Initial velocity out of a cannon

[flamedfordbronco]

Hey everyone,
I'm doing a lab for engineering class, and I'm having a little trouble with a part of it. The lab was that we have a cannon on a table, with 3 launch settings (different lengths the spring is compressed). The table is 40" high. Also, we have a dixie cup 90" away from the table that we have to shoot the ball into. The problem was to find the angle to put the cannon at so that the ball lands in the dixie cup.
The problem I'm having is with finding the initial velocity of the ball out of the cannon. The spring constant is 235 N/m, and the amount the spring is compressed is 0.123825 m. The ball weighs 67 g. Now, we did the experiment in class, and the angle was around 61 degrees (we just found out with trial and error), and I think i can figure it out with calculations once I get the initial velocity, but how do I find that? Thanks a lot in advance for your help.

~Frank~

 

[Integral]

I do not have the relationships in my head, but you should be able to find the Potential energy of the spring, use this to get the KE and and then the velocity.

 

[JasonRox]

Find out the time it remains in the air.

Shoot it straight up three times, and time it.

Using Calculus, or formula's from a Physics book, you should find a good approximation of the initial velocity.
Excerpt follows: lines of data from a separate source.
section \<open>The listed symmetries\<close>

text \<open>For \<open>\<xi> = a x\<close>, \<open>\<tau> = T(t)\<close>, \<open>\<eta> = H(t)\<close> the invariance form collapses to
  \<open>(2a - k\<^sub>2 H - T') g (u\<^sub>x\<^sub>x + k\<^sub>2 u\<^sub>x\<^sup>2 + u\<^sub>x/x) + H' - H f' - T' f\<close>.\<close>

lemma lie_point_symmetry_fisher_cyl_expI:
  assumes f: "\<And>u. f differentiable (at u)"
    and "smooth3 (\<lambda>x t u. T t)" and "smooth3 (\<lambda>x t u. H t)"
    and balance: "\<And>t. k2 * H t = 2 * a - deriv T t"
    and source: "\<And>t u. deriv H t = H t * deriv f u + deriv T t * f u"
  shows "lie_point_symmetry (fisher_cyl f (\<lambda>u. k1 * exp (k2 * u)))
    (\<lambda>x t u. a * x) (\<lambda>x t u. T t) (\<lambda>x t u. H t)"
  unfolding lie_point_symmetry_fisher_cyl_exp_iff[OF f]
proof (intro conjI allI impI)
  show "smooth3 (\<lambda>x t u. a * x)" by (rule smooth3_affine_exp[of _ a 0 0 0 0]) simp
  fix x t u p w r :: real
  assume "x > 0"
  have "fisher_invariance_form f k1 k2 (\<lambda>x t u. a * x) (\<lambda>x t u. T t) (\<lambda>x t u. H t) x t u p w r =
      k1 * exp (k2 * u) * (2 * a - k2 * H t - deriv T t) * (w + k2 * p^2 + p / x)
      + p * k1 * exp (k2 * u) * (a * x / x^2 - a / x)
      + deriv H t - H t * deriv f u - deriv T t * f u"
    by (subst fisher_invariance_form_u_independent[where Xi = "\<lambda>x t. a * x" and T = T
          and H = "\<lambda>x t. H t"]) (simp_all add: \<open>x > 0\<close> algebra_simps)
  also have "\<dots> = 0"
    using balance[of t] source[of t u] \<open>x > 0\<close> by (simp add: power2_eq_square)
  finally show "fisher_invariance_form f k1 k2 (\<lambda>x t u. a * x) (\<lambda>x t u. T t) (\<lambda>x t u. H t) x t u p w r = 0" .
qed (use assms in auto)

lemma fisher_cyl_exp_time_translation:
  assumes "\<And>u. f differentiable (at u)"
  shows "lie_point_symmetry (fisher_cyl f (\<lambda>u. k1 * exp (k2 * u))) (\<lambda>x t u. 0) (\<lambda>x t u. 1) (\<lambda>x t u. 0)"
proof -
  have "lie_point_symmetry (fisher_cyl f (\<lambda>u. k1 * exp (k2 * u)))
      (\<lambda>x t u. 0 * x) (\<lambda>x t u. 1) (\<lambda>x t u. 0)"
    by (rule lie_point_symmetry_fisher_cyl_expI[OF assms])
      (auto intro: smooth3_affine_exp[of _ 0 0 0 0 1] smooth3_affine_exp[of _ 0 0 0 0 0])
  then show ?thesis by simp
qed

lemma fisher_cyl_exp_symmetry_exp_source:
  assumes "\<forall>u. f u = k3 * exp (k4 * u)"
  shows "lie_point_symmetry (fisher_cyl f (\<lambda>u. k1 * exp (k2 * u)))
    (\<lambda>x t u. (k4 - k2) * x) (\<lambda>x t u. 2 * k4 * t) (\<lambda>x t u. -2)"
proof -
  have f': "(f has_real_derivative k3 * k4 * exp (k4 * u)) (at u)" for u
    using assms by (auto intro!: derivative_eq_intros simp: fun_eq_iff[symmetric])
  show ?thesis
  proof (rule lie_point_symmetry_fisher_cyl_expI)
    show "f differentiable (at u)" for u using f' by (auto simp: real_differentiable_def)
    show "smooth3 (\<lambda>x t u. 2 * k4 * t)" by (rule smooth3_affine_exp[of _ 0 "2 * k4" 0 0 0]) simp
    show "smooth3 (\<lambda>x t u. -2)" by (rule smooth3_affine_exp[of _ 0 0 0 0 "-2"]) simp
  qed (use assms DERIV_imp_deriv[OF f'] in \<open>simp_all add: algebra_simps\<close>)
qed

lemma fisher_cyl_exp_symmetry_exp_plus_const_source:
  assumes "\<forall>u. f u = k3 * exp (k2 * u) + k5"
  shows "lie_point_symmetry (fisher_cyl f (\<lambda>u. k1 * exp (k2 * u)))
    (\<lambda>x t u. 0) (\<lambda>x t u. exp (- k2 * k5 * t)) (\<lambda>x t u. k5 * exp (- k2 * k5 * t))"
proof -
  have f': "(f has_real_derivative k3 * k2 * exp (k2 * u)) (at u)" for u
    using assms by (auto intro!: derivative_eq_intros simp: fun_eq_iff[symmetric])
  have "lie_point_symmetry (fisher_cyl f (\<lambda>u. k1 * exp (k2 * u)))
    (\<lambda>x t u. 0 * x) (\<lambda>x t u. exp (- k2 * k5 * t)) (\<lambda>x t u. k5 * exp (- k2 * k5 * t))"
  proof (rule lie_point_symmetry_fisher_cyl_expI)
    show "f differentiable (at u)" for u using f' by (auto simp: real_differentiable_def)
    show "smooth3 (\<lambda>x t u. exp (- k2 * k5 * t))"
      by (rule smooth3_affine_exp[of _ 0 0 1 "- k2 * k5" 0]) simp
    show "smooth3 (\<lambda>x t u. k5 * exp (- k2 * k5 * t))"
      by (rule smooth3_affine_exp[of _ 0 0 k5 "- k2 * k5" 0]) simp
    have dT: "deriv (\<lambda>t. exp (- k2 * k5 * t)) t = - k2 * k5 * exp (- k2 * k5 * t)" for t
      using deriv_scaled_exp[of 1 "- k2 * k5" t] by simp
    have dH: "deriv (\<lambda>t. k5 * exp (- k2 * k5 * t)) t = k5 * (- k2 * k5) * exp (- k2 * k5 * t)" for t
      by (rule deriv_scaled_exp)
    show "k2 * (k5 * exp (- k2 * k5 * t)) = 2 * 0 - deriv (\<lambda>t. exp (- k2 * k5 * t)) t" for t
      unfolding dT by simp
    show "deriv (\<lambda>t. k5 * exp (- k2 * k5 * t)) t =
        k5 * exp (- k2 * k5 * t) * deriv f u + deriv (\<lambda>t. exp (- k2 * k5 * t)) t * f u" for t u
      unfolding dT dH DERIV_imp_deriv[OF f'] using assms by (simp add: algebra_simps)
  qed
  then show ?thesis by simp
qed
lemma det_nonzero_of_scaled_tendsto:
  fixes A :: "real \<Rightarrow> real^'n::finite^'n"
  assumes "((\<lambda>e. A e /\<^sub>R e) \<longlongrightarrow> B) (at 0)" and "det B \<noteq> 0"
  shows "\<exists>e. det (A e) \<noteq> 0"
proof -
  have "eventually (\<lambda>e. det (A e /\<^sub>R e) \<noteq> 0) (at 0)"
    using tendsto_det[OF assms(1)] assms(2) by (rule tendsto_imp_eventually_ne)
  then obtain e where "det (A e /\<^sub>R e) \<noteq> 0"
    using eventually_happens' trivial_limit_at by blast
  then show ?thesis by (auto simp: det_scaleR)
qed

definition diag_quad :: "real^'v::finite^'r::finite \<Rightarrow> real^'v \<Rightarrow> real^'r" where
  "diag_quad C x = (\<chi> r. \<Sum>v\<in>UNIV. C $ r $ v * (x $ v)\<^sup>2)"

lemma polyfun_diag_quad: "polyfun 2 (\<lambda>x. diag_quad C x $ r)"
  unfolding diag_quad_def power2_eq_square
  by (auto intro!: polyfun_sum polyfun_cmult polyfun_mult_le[OF polyfun_coord polyfun_coord])

lemma has_derivative_diag_quad:
  "(diag_quad C has_derivative (\<lambda>h. (\<chi> r v. 2 * C $ r $ v * x $ v) *v h)) (at x)"
proof -
  have "((\<lambda>x. \<Sum>v\<in>UNIV. C $ r $ v * (x $ v * x $ v)) has_derivative
      (\<lambda>h. \<Sum>v\<in>UNIV. C $ r $ v * (x $ v * h $ v + h $ v * x $ v))) (at x)" for r
    by (intro has_derivative_sum has_derivative_mult_right has_derivative_mult
        bounded_linear.has_derivative[OF bounded_linear_vec_nth] has_derivative_ident)
  then show ?thesis
    unfolding has_derivative_vec_nth_iff diag_quad_def power2_eq_square
    by (simp add: matrix_vector_mult_def algebra_simps)
qed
As far as I am concerned, the initial velocity does not change significantly when you change the angle. (0,45, or 90)

 

[flamedfordbronco]

Integral,
Yeah our professor did something with the PE and KE, but I couldn't follow him. I copied down what he wrote on the board but i just don't understand it. Here's what he wrote- PE=1/2 kx^2
KE= PE at x=0
KE=1/2 mv^2
PE=1/2(235N/m)(.0635 m)^2
PE=0.48 Nm
V=(0.48N m)^2/(0.025)
V=6.2 m/s
.025 is the example weight he used for the projectile

If you understand all this stuff, could you explain it to me? Thanks a lot!

Jason,
yeah that's exactly what our group thought of doing, but we didn't do the lab on our own. our professor did it in front of the class, and we all had to tell him what angle to shoot it at, using the numbers he gave us. Thanks to both you guys for the posts!

~Frank~

 

[Integral]

Ok, those are the equations we need.

You have the PE of the spring as

$$PE= \frac 1 2 k x^2$$

You know that PE = KE so

$$PE=KE = \frac 1 2 m v^2$$

so

$$v = \sqrt \frac {2\ PE} m$$

Where the m is the mass of your ball.

Now we can plug in the expression for PE to get

$$v = \sqrt {\frac k m } x$$

The final check will be to verify the units of the answer.
k is in N/m and mass is in kg. N = kg m/s^2 so we have
$$\sqrt {\frac {kg \frac m {s^2}m} {kg}$$
now cancel the kg in the numerator and denomiator and combin the meters to get
$$v= \sqrt {\frac {m^2} {s^2}} = \frac m s$$

Our result has units of velocity so we can be sure that it has some meaning.